(* Let $k$ be a field of prime characteristic $p$. Define $T$-spaces of $k_0\langle X\rangle$ by $H_1=\{x_1^p\}^S$, $H_{n+1}=(H_nH_1)^S$, and $S^{(p)}_1=\{S^{(p)}\}^S$, $S^{(p)}_{n+1}=(S^{(p)}_nS^{(p)}_1)^S$ for $n\ge1$, where $S^{(p)}=\sum_{\sigma\in\Sigma_p}\prod_{i=1}^p x_{\sigma(i)}$. Then $S^{(p)}_m\subseteq H_m$ for every $m\ge1$.
   Context: $X=\{x_1,x_2,\ldots\}$ is countably infinite; $k_0\langle X\rangle$ is the free associative (non-unital) $k$-algebra on $X$. A $T$-space is a $k$-subspace of $k_0\langle X\rangle$ invariant under every algebra endomorphism of $k_0\langle X\rangle$; $(A)^S$ is the $T$-space generated by a subset $A$. For subsets $A,B$, $AB=\{ab:a\in A,b\in B\}$. $\Sigma_p$ is the symmetric group on $p$ letters. *)

theory Defs
  imports "HOL-Computational_Algebra.Primes" "HOL-Library.Poly_Mapping" "HOL-Combinatorics.Permutations"
begin

text \<open>The free associative algebra on countably many variables: finitely supported
  functions from words (lists of variable indices) to coefficients.  The variable
  x_i of the paper is the one-letter word [i - 1].  The non-unital free algebra
  k_0<X> is the subset of elements whose support avoids the empty word.\<close>

type_synonym 'k ncpoly = "nat list \<Rightarrow>\<^sub>0 'k"

definition free0 :: "'k::field ncpoly set" where
  "free0 = {f. [] \<notin> Poly_Mapping.keys f}"

definition ncsmult :: "'k::field \<Rightarrow> 'k ncpoly \<Rightarrow> 'k ncpoly" where
  "ncsmult c f = Poly_Mapping.map (\<lambda>a. c * a) f"

definition ncmult :: "'k::field ncpoly \<Rightarrow> 'k ncpoly \<Rightarrow> 'k ncpoly" where
  "ncmult f g = (\<Sum>u\<in>Poly_Mapping.keys f. \<Sum>v\<in>Poly_Mapping.keys g.
      Poly_Mapping.single (u @ v) (Poly_Mapping.lookup f u * Poly_Mapping.lookup g v))"

definition ncone :: "'k::field ncpoly" where
  "ncone = Poly_Mapping.single [] 1"

definition ncvar :: "nat \<Rightarrow> 'k::field ncpoly" where
  "ncvar i = Poly_Mapping.single [i - 1] 1"

definition ncpow :: "'k::field ncpoly \<Rightarrow> nat \<Rightarrow> 'k ncpoly" where
  "ncpow f n = (ncmult f ^^ n) ncone"

definition wordeval :: "(nat \<Rightarrow> 'k::field ncpoly) \<Rightarrow> nat list \<Rightarrow> 'k ncpoly" where
  "wordeval \<phi> w = foldr (\<lambda>i r. ncmult (\<phi> i) r) w ncone"

definition ncsubst :: "(nat \<Rightarrow> 'k::field ncpoly) \<Rightarrow> 'k ncpoly \<Rightarrow> 'k ncpoly" where
  "ncsubst \<phi> f = (\<Sum>w\<in>Poly_Mapping.keys f. ncsmult (Poly_Mapping.lookup f w) (wordeval \<phi> w))"
text \<open>A k-linear category with a shift functor and a class of distinguished triangles,
  given by explicit data.  cmp g f is the composite gf (first f, then g).\<close>

record ('o, 'm, 'k) tcat =
  Ob   :: "'o set"
  Mor  :: "'m set"
  dom  :: "'m \<Rightarrow> 'o"
  cod  :: "'m \<Rightarrow> 'o"
  cmp  :: "'m \<Rightarrow> 'm \<Rightarrow> 'm"
  idm  :: "'o \<Rightarrow> 'm"
  add  :: "'m \<Rightarrow> 'm \<Rightarrow> 'm"
  neg  :: "'m \<Rightarrow> 'm"
  zer  :: "'o \<Rightarrow> 'o \<Rightarrow> 'm"
  smul :: "'k \<Rightarrow> 'm \<Rightarrow> 'm"
  shO  :: "'o \<Rightarrow> 'o"
  shM  :: "'m \<Rightarrow> 'm"
  tri  :: "('o \<times> 'o \<times> 'o \<times> 'm \<times> 'm \<times> 'm) set"

definition hom :: "('o, 'm, 'k, 'z) tcat_scheme \<Rightarrow> 'o \<Rightarrow> 'o \<Rightarrow> 'm set" where
  "hom C X Y = {f \<in> Mor C. dom C f = X \<and> cod C f = Y}"

definition category :: "('o, 'm, 'k, 'z) tcat_scheme \<Rightarrow> bool" where
  "category C \<longleftrightarrow>
     (\<forall>f \<in> Mor C. dom C f \<in> Ob C \<and> cod C f \<in> Ob C) \<and>
     (\<forall>X \<in> Ob C. idm C X \<in> hom C X X) \<and>
     (\<forall>X \<in> Ob C. \<forall>Y \<in> Ob C. \<forall>Z \<in> Ob C. \<forall>f \<in> hom C X Y. \<forall>g \<in> hom C Y Z.
        cmp C g f \<in> hom C X Z) \<and>
     (\<forall>W \<in> Ob C. \<forall>X \<in> Ob C. \<forall>Y \<in> Ob C. \<forall>Z \<in> Ob C.
        \<forall>f \<in> hom C W X. \<forall>g \<in> hom C X Y. \<forall>h \<in> hom C Y Z.
        cmp C h (cmp C g f) = cmp C (cmp C h g) f) \<and>
     (\<forall>f \<in> Mor C. cmp C f (idm C (dom C f)) = f \<and> cmp C (idm C (cod C f)) f = f)"

definition iso :: "('o, 'm, 'k, 'z) tcat_scheme \<Rightarrow> 'm \<Rightarrow> bool" where
  "iso C f \<longleftrightarrow> f \<in> Mor C \<and>
     (\<exists>g \<in> hom C (cod C f) (dom C f).
        cmp C g f = idm C (dom C f) \<and> cmp C f g = idm C (cod C f))"
theorem lemma4p6:
  fixes f :: "'n::euclidean_space \<Rightarrow> real" and gradf :: "'n \<Rightarrow> 'n"
    and h :: "'n \<Rightarrow> real" and H U :: "'n set"
    and g :: "'n \<Rightarrow> 'l::euclidean_space" and Jg :: "'n \<Rightarrow> 'n \<Rightarrow> 'l"
    and K :: "'l set"
    and Kh mf Lf Lg \<tau> lam \<sigma> c1 \<rho> \<eta> :: real and zbar :: "'n"
    and z v zhat :: "nat \<Rightarrow> 'n" and eps c :: "nat \<Rightarrow> real" and p :: "nat \<Rightarrow> 'l"
    and khat :: "nat \<Rightarrow> nat" and stop :: "nat \<Rightarrow> bool"
    and l k :: nat
    and kappa0 Rphi C0 :: real
  defines "Kstar \<equiv> dual_cone K"
    and "Dh \<equiv> diameter H"
    and "Bf1 \<equiv> (SUP x\<in>H. norm (gradf x))"
    and "Bg0 \<equiv> (SUP x\<in>H. norm (g x))"
    and "Bg1 \<equiv> (SUP x\<in>H. onorm (Jg x))"
    and "dbar \<equiv> infdist zbar (frontier H)"
    and "phi_up \<equiv> (INF x\<in>{x\<in>H. cone_le K (g x) 0}. f x + h x)"
    and "phi_low \<equiv> (INF x\<in>H. f x + h x)"
  assumes kappa0_def: "kappa0 = 2 * (Kh + Bf1) * Dh
           + (\<sigma>\<^sup>2 / (2 * (1 - \<sigma>)\<^sup>2) + 2 * ((1 + \<sigma>) / (1 - \<sigma>))) * Dh\<^sup>2 / lam"
    and Rphi_def: "Rphi = phi_up - phi_low + Dh\<^sup>2 / lam"
    and C0_def: "C0 = max (norm (p 0)) kappa0 / (min 1 dbar * \<tau>)"
    and cone: "closed K" "convex_cone K"
    and B1: "H \<noteq> {}" "compact H" "convex H" "convex_on H h"
       "\<forall>x\<in>H. \<forall>y\<in>H. \<bar>h x - h y\<bar> \<le> Kh * dist x y"
    and B2: "open U" "H \<subseteq> U" "\<forall>x\<in>U. (f has_derivative (\<lambda>d. inner (gradf x) d)) (at x)"
       "mf > 0" "Lf > 0"
       "\<forall>x\<in>H. \<forall>y\<in>H. f y - f x - inner (gradf x) (y - x) \<ge> - (mf / 2) * (norm (y - x))\<^sup>2"
       "\<forall>x\<in>H. \<forall>y\<in>H. norm (gradf y - gradf x) \<le> Lf * norm (y - x)"
    and B3: "K_convex K g" "\<forall>x. (g has_derivative Jg x) (at x)"
       "\<forall>x y. onorm (\<lambda>d. Jg y d - Jg x d) \<le> Lg * norm (y - x)"
    and B4: "zbar \<in> interior H" "0 < \<tau>" "\<tau> \<le> 1" "cone_le K (g zbar) 0"
       "\<forall>x\<in>H. \<forall>q\<in>Kstar. max (norm (adjoint (Jg x) q)) \<bar>inner q (g zbar)\<bar> \<ge> \<tau> * norm q"
    and inputs: "0 < lam" "lam \<le> 1 / (2 * mf)" "0 < \<sigma>" "\<sigma> \<le> 1 / sqrt 2" "0 < c1"
       "z 0 \<in> H" "0 < \<rho>" "0 < \<eta>"
    and init: "c 1 = c1" "khat 1 = 0"
    and stop_def: "\<forall>j. stop j \<longleftrightarrow>
       (let r = v j + z (j - 1) - z j;
            Lpsi = lam * Lam Lf Lg Bg0 Bg1 (c j) (p (j - 1)) + 1;
            w = (1 / lam) *\<^sub>R (r + Lpsi *\<^sub>R (z j - zhat j));
            ph = closest_point Kstar (p (j - 1) + c j *\<^sub>R g (zhat j));
            qh = (1 / c j) *\<^sub>R (p (j - 1) - ph);
            wh = w + grad_tL gradf g Jg K (c j) (zhat j) (p (j - 1))
                   - grad_tL gradf g Jg K (c j) (z j) (p (j - 1))
        in norm wh \<le> \<rho> \<and> norm qh \<le> \<eta>)"
    \<comment> \<open>step (1) and the definition of hat z in step (2), for every iteration j that is reached\<close>
    and step1: "\<forall>j\<ge>1. (\<forall>i\<in>{1..<j}. \<not> stop i) \<longrightarrow>
       (let Lpsi = lam * Lam Lf Lg Bg0 Bg1 (c j) (p (j - 1)) + 1 in
          z j \<in> H \<and> 0 \<le> eps j \<and>
          v j \<in> eps_subdiff_on H (eps j)
                 (\<lambda>x. lam * aug_lagr f h g K (c j) x (p (j - 1)) + (norm (x - z (j - 1)))\<^sup>2 / 2) (z j) \<and>
          (norm (v j))\<^sup>2 + 2 * eps j \<le> (\<sigma> / sqrt Lpsi)\<^sup>2 * (norm (v j + z (j - 1) - z j))\<^sup>2)"
    and step2: "\<forall>j\<ge>1. (\<forall>i\<in>{1..<j}. \<not> stop i) \<longrightarrow>
       (let Lpsi = lam * Lam Lf Lg Bg0 Bg1 (c j) (p (j - 1)) + 1;
            r = v j + z (j - 1) - z j;
            gr = grad_tL gradf g Jg K (c j) (z j) (p (j - 1));
            obj = (\<lambda>u. lam * (inner gr (u - z j) + h u) - inner r (u - z j)
                        + Lpsi / 2 * (norm (u - z j))\<^sup>2)
        in zhat j \<in> H \<and> (\<forall>u\<in>H. obj (zhat j) \<le> obj u))"
    \<comment> \<open>steps (3) and (4), for every iteration j that is reached and does not stop\<close>
    and step34: "\<forall>j\<ge>1. (\<forall>i\<in>{1..j}. \<not> stop i) \<longrightarrow>
       p j = closest_point Kstar (p (j - 1) + c j *\<^sub>R g (z j)) \<and>
       (if khat j + 1 < j \<and>
           (aug_lagr f h g K (c j) (z (khat j + 1)) (p (khat j + 1)) - aug_lagr f h g K (c j) (z j) (p j))
             / real (j - khat j - 1)
           \<le> lam * (1 - \<sigma>\<^sup>2) * \<rho>\<^sup>2 / (4 * (1 + 2 * \<sigma>)\<^sup>2)
        then c (j + 1) = 2 * c j \<and> khat (j + 1) = j
        else c (j + 1) = c j \<and> khat (j + 1) = khat j)"
    \<comment> \<open>k lies in cycle l and p_k is computed\<close>
    and l: "1 \<le> l"
    and k: "1 \<le> k" "c k = 2 ^ (l - 1) * c1" "\<forall>i\<in>{1..k}. \<not> stop i"
  shows "aug_lagr f h g K (2 ^ (l - 1) * c1) (z k) (p k) \<le> Rphi + phi_low + 4 * C0\<^sup>2 / (2 ^ (l - 1) * c1)"
proof -
  interpret nl_iapial_slater f gradf h H g Jg K Kh mf Lf Lg Bf1 Bg0 Bg1 Dh lam \<sigma> zbar "min 1 dbar" \<tau>
    unfolding Bf1_def Bg0_def Bg1_def Dh_def dbar_def
    by (rule nl_iapial_slaterI[OF cone B1 B2(4-7) B3 B4(1,2,4) B4(5)[unfolded Kstar_def] inputs(1-4)])
  \<comment> \<open>the stopping test, hat z and the doubling test enter only through c (j + 1) \<in> {c j, 2 c j}\<close>
  have not_stopped: "\<And>i. i \<in> {1..j} \<Longrightarrow> \<not> stop i" if "j \<le> k" for j
    using k(3) that by auto
  have "iterates c p z v eps k"
  proof (rule iteratesI[where z = z, OF inputs(6)])
    fix j assume j: "1 \<le> j" "j < k"
    from step34[rule_format, OF j(1) not_stopped[OF less_imp_le[OF j(2)]]]
    show "c (Suc j) = 2 * c j \<or> c (Suc j) = c j"
      by (auto split: if_splits)
  next
    fix j assume j: "1 \<le> j" "j \<le> k"
    from step1[rule_format, OF j(1)] step34[rule_format, OF j(1)] not_stopped[OF j(2)]
    show "prox_step (c j) (p (j - 1)) (z (j - 1)) (z j) (v j) (eps j) \<and> p j = multiplier (c j) (p (j - 1)) (z j)"
      by (simp add: prox_step_def Let_def Kstar_def)
  qed (use init(1) inputs(5) in simp)
  have "0 < min 1 dbar * \<tau>" "min 1 dbar * \<tau> \<le> 1"
    using s_pos s_le_one tau_pos B4(3) by (simp_all add: mult_le_one)
  moreover have "\<kappa>\<^sub>0 = kappa0"
    by (simp add: \<kappa>\<^sub>0_def kappa0_def)
  ultimately have "norm (p 0) \<le> C0" "\<kappa>\<^sub>0 \<le> min 1 dbar * \<tau> * C0"
    unfolding C0_def using mult_left_le[of "min 1 dbar * \<tau>" "norm (p 0)"] by (auto simp: le_divide_eq)
  from iterates_lagrangian_bound[OF \<open>iterates c p z v eps k\<close> k(1) this] show ?thesis
    using k(2) Rphi_def by (simp add: phi_up_def)
qed

end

- - -

Would you copy every line of the entries that includes the word "inputs"?

    and inputs: "0 < lam" "lam \<le> 1 / (2 * mf)" "0 < \<sigma>" "\<sigma> \<le> 1 / sqrt 2" "0 < c1"
    by (rule nl_iapial_slaterI[OF cone B1 B2(4-7) B3 B4(1,2,4) B4(5)[unfolded Kstar_def] inputs(1-4)])
  proof (rule iteratesI[where z = z, OF inputs(6)])
  qed (use init(1) inputs(5) in simp)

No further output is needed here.